-- Work instruction --
Each line of the entries that mentions the string "assms" needs to be reported.

Collected data
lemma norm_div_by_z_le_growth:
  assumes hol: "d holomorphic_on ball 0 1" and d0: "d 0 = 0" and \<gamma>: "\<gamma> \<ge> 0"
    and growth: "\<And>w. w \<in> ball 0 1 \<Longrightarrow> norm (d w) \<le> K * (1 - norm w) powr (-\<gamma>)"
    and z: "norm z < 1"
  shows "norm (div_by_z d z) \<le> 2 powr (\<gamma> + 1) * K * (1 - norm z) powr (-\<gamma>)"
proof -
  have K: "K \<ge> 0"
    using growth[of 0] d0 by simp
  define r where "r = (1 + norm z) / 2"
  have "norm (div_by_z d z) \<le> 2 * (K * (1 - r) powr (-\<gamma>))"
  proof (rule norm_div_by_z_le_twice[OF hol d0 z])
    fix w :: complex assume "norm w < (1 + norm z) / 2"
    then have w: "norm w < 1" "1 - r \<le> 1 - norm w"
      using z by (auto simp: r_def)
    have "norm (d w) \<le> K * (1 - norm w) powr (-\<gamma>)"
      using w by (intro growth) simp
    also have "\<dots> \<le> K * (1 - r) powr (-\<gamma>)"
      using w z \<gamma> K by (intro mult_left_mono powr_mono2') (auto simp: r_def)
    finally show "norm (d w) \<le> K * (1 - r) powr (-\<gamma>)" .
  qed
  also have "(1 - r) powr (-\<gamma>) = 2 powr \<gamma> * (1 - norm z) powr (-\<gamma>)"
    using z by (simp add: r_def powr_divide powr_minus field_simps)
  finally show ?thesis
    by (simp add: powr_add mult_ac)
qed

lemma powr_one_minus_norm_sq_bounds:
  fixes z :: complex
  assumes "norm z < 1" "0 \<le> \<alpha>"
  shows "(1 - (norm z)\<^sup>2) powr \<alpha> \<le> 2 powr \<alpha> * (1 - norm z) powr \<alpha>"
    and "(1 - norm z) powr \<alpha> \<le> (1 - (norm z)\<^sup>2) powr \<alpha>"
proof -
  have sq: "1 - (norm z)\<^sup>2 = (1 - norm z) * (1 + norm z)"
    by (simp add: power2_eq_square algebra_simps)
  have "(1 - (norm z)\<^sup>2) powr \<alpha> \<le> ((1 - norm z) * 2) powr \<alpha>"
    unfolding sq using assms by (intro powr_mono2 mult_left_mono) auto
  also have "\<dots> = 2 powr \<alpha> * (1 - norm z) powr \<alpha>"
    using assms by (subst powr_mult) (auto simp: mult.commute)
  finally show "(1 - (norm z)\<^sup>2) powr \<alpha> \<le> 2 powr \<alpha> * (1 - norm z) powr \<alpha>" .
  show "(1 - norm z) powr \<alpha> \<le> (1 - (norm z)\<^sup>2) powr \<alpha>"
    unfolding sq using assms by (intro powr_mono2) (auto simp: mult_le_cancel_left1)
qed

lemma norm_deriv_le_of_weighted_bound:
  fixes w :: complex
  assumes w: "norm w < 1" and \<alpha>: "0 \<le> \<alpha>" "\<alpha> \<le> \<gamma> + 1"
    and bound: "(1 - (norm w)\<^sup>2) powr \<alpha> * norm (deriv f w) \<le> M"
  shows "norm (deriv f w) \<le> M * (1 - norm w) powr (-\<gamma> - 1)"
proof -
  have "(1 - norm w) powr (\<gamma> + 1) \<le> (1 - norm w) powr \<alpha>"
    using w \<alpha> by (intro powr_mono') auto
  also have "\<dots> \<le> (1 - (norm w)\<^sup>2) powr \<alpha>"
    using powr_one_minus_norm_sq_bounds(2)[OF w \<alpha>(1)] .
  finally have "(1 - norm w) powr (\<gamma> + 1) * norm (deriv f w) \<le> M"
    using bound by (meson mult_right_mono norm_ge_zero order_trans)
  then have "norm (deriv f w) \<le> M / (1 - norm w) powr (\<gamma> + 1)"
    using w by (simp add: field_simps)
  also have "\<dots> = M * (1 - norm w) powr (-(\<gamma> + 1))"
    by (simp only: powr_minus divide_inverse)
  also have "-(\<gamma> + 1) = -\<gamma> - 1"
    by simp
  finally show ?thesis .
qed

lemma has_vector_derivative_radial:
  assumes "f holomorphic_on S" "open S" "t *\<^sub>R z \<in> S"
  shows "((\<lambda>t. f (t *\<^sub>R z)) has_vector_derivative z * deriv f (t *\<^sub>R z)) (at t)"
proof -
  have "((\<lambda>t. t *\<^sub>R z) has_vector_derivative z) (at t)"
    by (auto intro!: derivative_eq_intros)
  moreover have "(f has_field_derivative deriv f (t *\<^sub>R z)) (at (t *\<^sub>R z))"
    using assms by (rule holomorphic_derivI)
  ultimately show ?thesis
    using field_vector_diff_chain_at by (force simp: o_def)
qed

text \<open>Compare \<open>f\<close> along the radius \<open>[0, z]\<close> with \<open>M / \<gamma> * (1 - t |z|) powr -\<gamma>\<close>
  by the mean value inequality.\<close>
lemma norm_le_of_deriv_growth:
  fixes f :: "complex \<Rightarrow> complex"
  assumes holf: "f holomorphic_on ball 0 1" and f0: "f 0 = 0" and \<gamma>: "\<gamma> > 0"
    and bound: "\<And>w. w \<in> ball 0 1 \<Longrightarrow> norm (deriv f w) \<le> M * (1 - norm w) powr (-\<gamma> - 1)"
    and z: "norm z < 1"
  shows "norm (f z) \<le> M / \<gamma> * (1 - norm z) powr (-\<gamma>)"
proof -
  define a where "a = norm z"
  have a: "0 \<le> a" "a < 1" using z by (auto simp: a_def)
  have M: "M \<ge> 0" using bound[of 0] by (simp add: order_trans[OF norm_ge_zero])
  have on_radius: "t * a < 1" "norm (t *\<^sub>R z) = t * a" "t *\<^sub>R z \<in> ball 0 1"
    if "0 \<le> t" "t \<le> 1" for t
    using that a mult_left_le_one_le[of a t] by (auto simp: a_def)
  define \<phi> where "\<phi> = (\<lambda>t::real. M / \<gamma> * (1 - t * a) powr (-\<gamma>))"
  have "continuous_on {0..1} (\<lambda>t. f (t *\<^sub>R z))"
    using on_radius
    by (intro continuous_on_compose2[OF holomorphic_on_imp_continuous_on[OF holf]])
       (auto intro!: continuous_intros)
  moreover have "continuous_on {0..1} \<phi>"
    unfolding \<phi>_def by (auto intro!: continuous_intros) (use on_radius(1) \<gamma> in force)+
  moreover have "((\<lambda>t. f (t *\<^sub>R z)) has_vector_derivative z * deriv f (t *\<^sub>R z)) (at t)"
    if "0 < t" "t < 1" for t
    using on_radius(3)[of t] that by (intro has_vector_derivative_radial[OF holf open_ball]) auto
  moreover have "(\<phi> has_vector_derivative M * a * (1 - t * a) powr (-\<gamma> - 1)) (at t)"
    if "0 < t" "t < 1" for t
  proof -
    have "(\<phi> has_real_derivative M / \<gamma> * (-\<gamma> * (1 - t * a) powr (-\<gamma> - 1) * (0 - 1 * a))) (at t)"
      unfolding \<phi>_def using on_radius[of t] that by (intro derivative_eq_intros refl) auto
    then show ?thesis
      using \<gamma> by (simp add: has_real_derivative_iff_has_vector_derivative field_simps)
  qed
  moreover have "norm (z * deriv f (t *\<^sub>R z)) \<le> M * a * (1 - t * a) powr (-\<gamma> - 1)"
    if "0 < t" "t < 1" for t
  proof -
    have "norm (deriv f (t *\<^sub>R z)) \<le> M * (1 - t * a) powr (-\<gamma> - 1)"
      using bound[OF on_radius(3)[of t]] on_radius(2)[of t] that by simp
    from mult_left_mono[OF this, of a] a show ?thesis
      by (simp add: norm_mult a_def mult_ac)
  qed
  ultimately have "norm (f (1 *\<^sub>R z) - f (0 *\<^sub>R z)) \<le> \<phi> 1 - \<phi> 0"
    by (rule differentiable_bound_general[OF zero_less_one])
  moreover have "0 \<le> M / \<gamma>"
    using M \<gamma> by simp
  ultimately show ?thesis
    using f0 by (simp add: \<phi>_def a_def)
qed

-- Task response --
    unfolding sq using assms by (intro powr_mono2 mult_left_mono) auto
    using assms by (subst powr_mult) (auto simp: mult.commute)
    unfolding sq using assms by (intro powr_mono2) (auto simp: mult_le_cancel_left1)
    using assms by (rule holomorphic_derivI)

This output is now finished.